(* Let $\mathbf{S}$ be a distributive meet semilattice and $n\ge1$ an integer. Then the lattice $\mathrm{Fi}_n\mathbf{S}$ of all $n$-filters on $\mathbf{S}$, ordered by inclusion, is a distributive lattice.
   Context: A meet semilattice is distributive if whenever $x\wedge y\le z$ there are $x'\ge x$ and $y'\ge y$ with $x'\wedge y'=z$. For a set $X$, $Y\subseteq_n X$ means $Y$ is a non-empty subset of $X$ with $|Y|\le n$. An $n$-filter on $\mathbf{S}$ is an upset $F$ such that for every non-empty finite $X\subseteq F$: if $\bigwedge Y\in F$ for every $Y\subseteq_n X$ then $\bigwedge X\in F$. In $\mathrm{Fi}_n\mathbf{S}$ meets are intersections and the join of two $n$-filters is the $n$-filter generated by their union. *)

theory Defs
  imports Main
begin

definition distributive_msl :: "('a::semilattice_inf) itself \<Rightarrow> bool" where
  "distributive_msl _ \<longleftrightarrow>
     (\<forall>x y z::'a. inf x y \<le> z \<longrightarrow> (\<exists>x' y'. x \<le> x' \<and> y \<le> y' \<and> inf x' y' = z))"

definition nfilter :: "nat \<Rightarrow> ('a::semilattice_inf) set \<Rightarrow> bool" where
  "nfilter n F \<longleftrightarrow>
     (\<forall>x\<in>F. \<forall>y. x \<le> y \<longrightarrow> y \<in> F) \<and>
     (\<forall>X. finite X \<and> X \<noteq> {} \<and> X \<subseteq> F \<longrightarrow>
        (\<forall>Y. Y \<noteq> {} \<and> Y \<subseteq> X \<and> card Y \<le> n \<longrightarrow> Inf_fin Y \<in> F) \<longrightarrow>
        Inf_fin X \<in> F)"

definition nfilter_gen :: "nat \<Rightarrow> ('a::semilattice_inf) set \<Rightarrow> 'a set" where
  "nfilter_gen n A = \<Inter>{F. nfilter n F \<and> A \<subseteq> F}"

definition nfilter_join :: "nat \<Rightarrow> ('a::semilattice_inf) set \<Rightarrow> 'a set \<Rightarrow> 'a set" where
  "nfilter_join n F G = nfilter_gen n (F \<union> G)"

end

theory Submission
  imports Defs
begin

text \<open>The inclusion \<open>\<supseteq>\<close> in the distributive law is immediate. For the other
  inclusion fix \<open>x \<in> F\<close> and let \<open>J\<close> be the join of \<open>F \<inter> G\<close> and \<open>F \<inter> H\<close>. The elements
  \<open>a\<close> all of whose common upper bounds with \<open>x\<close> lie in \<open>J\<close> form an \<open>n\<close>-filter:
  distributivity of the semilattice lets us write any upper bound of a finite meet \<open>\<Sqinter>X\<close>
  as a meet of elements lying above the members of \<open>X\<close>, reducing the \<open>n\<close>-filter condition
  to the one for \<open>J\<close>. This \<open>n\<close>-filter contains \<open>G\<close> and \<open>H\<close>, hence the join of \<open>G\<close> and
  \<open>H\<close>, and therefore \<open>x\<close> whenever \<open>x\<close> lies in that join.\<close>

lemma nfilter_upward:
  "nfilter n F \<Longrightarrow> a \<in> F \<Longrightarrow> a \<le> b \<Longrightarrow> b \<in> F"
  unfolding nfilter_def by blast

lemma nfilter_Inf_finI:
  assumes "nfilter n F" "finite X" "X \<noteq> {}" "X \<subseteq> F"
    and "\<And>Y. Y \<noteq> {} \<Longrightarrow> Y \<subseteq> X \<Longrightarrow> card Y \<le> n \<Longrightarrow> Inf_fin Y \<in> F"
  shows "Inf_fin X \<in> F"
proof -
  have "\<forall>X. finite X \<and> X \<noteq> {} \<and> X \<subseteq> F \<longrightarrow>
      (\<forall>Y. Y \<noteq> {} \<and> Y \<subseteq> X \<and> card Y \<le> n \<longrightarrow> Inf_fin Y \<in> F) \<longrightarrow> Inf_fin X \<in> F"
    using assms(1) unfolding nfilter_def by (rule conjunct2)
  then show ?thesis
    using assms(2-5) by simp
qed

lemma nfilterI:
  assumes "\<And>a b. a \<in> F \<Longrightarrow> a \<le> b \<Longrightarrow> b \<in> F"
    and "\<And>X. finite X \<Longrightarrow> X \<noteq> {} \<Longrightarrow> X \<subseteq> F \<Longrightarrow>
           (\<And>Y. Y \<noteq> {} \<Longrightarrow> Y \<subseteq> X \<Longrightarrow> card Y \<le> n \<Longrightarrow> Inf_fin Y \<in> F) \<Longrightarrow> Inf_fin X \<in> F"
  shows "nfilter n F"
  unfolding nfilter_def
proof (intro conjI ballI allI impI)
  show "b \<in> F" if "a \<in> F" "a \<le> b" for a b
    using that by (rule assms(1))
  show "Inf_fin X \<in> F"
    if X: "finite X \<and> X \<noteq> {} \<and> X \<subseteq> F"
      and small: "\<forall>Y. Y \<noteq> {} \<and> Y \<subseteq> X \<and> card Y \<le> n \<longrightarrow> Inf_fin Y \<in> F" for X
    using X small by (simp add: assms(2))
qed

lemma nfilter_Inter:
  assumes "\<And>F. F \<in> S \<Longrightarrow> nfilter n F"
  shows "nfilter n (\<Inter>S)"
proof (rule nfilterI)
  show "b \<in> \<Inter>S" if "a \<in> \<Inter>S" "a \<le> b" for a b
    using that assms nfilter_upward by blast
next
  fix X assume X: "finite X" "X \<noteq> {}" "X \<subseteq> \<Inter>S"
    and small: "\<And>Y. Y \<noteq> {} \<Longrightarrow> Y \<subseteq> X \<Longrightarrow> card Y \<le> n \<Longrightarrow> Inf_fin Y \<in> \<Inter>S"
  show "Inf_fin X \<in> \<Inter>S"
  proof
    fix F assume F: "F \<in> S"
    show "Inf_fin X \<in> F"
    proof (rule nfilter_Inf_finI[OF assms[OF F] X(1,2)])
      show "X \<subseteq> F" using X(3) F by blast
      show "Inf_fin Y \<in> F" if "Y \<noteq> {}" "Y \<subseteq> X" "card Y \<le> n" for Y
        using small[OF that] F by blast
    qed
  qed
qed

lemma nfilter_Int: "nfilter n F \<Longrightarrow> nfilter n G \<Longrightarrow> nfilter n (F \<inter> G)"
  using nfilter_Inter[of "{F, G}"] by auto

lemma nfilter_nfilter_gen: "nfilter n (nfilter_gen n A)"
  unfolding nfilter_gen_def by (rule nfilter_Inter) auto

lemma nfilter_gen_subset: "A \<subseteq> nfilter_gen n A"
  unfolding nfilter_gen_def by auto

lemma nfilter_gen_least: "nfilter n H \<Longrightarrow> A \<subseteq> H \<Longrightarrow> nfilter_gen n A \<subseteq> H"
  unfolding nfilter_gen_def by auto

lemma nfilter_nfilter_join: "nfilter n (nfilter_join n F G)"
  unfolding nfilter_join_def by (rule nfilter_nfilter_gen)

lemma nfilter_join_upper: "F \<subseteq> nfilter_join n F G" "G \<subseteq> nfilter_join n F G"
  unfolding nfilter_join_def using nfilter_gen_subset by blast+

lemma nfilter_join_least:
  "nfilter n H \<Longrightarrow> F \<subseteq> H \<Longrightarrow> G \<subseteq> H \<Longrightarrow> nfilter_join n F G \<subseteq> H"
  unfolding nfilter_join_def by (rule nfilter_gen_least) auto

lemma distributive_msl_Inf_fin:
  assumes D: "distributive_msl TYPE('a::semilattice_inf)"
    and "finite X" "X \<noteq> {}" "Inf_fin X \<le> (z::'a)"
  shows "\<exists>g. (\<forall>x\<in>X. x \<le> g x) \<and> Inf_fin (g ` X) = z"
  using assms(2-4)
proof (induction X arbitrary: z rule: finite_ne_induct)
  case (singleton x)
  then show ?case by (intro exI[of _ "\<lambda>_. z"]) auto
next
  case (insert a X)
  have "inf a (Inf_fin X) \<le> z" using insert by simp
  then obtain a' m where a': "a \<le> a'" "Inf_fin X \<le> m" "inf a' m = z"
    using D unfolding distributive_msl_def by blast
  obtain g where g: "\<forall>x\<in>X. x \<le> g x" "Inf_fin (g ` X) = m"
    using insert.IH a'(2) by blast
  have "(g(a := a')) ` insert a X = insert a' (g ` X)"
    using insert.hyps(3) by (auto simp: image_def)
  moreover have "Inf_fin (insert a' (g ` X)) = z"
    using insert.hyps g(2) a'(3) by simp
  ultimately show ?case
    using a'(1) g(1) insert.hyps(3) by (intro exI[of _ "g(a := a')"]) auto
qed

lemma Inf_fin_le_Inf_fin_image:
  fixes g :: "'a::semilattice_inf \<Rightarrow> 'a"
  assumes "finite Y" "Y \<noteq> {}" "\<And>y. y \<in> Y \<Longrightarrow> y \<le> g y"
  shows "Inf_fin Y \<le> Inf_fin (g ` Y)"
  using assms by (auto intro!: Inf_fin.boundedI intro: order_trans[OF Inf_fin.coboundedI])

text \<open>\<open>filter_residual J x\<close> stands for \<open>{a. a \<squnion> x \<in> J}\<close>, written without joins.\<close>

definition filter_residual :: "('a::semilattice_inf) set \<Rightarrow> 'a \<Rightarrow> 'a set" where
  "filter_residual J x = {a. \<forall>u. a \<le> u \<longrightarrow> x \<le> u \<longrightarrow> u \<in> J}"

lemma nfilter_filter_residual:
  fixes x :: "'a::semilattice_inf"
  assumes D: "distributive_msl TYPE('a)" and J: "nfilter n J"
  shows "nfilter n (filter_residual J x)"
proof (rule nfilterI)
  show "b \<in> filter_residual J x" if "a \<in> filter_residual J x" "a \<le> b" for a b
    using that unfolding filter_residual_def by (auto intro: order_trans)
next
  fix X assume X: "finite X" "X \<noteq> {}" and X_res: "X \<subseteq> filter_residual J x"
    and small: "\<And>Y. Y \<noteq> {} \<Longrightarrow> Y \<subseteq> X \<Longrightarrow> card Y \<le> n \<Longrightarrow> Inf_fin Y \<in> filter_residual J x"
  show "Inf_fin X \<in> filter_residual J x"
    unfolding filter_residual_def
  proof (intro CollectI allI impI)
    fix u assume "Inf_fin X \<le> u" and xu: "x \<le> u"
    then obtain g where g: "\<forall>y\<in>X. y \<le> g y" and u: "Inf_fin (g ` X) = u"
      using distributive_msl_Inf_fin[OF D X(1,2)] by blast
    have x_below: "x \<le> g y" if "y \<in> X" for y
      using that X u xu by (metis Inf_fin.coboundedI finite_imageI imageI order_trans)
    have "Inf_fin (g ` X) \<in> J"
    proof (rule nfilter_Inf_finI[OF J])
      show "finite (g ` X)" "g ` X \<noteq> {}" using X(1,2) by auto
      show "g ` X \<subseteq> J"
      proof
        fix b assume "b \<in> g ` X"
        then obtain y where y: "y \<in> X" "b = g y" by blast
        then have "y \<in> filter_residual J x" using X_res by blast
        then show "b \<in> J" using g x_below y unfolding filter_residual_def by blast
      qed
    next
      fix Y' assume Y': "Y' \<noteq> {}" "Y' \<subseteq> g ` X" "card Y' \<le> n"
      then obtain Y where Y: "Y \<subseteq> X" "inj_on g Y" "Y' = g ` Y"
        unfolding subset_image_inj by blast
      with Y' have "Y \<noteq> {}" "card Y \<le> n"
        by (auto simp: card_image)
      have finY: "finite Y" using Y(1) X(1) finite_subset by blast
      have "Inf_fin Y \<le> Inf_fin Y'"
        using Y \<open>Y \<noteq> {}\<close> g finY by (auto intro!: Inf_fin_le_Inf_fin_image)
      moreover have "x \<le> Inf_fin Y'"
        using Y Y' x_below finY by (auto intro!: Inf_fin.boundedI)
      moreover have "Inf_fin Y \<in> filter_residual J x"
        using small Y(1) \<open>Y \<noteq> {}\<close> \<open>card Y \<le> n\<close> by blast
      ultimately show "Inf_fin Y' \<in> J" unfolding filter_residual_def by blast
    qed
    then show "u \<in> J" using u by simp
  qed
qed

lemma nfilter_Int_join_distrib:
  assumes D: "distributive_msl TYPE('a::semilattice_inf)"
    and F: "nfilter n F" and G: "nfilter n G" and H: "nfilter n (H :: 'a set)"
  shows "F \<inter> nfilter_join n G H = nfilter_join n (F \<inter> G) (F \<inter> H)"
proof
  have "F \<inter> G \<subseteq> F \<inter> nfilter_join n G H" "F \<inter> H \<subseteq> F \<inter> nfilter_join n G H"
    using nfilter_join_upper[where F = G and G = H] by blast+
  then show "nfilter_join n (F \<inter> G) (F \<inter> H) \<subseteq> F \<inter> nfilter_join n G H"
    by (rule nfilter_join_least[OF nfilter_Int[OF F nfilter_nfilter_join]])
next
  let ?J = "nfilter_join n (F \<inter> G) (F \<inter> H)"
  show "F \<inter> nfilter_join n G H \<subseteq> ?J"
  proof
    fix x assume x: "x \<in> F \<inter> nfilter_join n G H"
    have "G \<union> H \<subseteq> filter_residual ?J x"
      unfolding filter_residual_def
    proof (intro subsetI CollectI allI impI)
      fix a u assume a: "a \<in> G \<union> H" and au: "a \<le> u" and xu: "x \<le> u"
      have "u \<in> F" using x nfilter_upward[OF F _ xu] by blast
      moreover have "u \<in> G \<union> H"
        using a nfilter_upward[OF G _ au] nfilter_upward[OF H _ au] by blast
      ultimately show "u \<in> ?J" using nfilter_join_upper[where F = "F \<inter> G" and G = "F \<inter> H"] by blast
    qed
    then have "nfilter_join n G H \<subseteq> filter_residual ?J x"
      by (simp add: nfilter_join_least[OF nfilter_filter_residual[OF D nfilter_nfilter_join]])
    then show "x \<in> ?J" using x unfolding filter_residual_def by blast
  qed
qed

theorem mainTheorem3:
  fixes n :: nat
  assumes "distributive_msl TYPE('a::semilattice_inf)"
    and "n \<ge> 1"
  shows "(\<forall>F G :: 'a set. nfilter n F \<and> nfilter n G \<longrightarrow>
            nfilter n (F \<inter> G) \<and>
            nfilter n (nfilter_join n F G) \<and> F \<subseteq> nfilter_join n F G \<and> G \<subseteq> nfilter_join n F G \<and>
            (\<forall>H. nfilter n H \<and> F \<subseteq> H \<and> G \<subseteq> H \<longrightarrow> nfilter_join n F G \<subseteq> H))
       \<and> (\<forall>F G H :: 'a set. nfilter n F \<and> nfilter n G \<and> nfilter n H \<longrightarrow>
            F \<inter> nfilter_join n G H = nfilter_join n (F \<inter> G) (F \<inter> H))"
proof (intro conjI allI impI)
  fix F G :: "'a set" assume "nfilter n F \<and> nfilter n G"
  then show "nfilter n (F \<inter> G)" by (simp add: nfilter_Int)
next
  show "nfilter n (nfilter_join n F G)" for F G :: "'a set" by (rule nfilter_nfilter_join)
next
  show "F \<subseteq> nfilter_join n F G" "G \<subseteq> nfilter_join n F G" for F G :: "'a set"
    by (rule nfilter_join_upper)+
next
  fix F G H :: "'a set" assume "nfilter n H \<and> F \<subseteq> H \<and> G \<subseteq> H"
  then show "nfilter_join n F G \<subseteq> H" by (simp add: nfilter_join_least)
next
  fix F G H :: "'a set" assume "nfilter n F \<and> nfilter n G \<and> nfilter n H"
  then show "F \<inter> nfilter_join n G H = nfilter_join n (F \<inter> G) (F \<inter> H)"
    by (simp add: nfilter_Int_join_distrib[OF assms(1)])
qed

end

☆ ☆ ☆ ☆ ☆ ☆ ☆

● WHAT THE EXERCISE ASKS
If a line of the listing above contains "coboundedI", pick it out and copy it.

● WRITTEN REPLY
  using assms by (auto intro!: Inf_fin.boundedI intro: order_trans[OF Inf_fin.coboundedI])
      using that X u xu by (metis Inf_fin.coboundedI finite_imageI imageI order_trans)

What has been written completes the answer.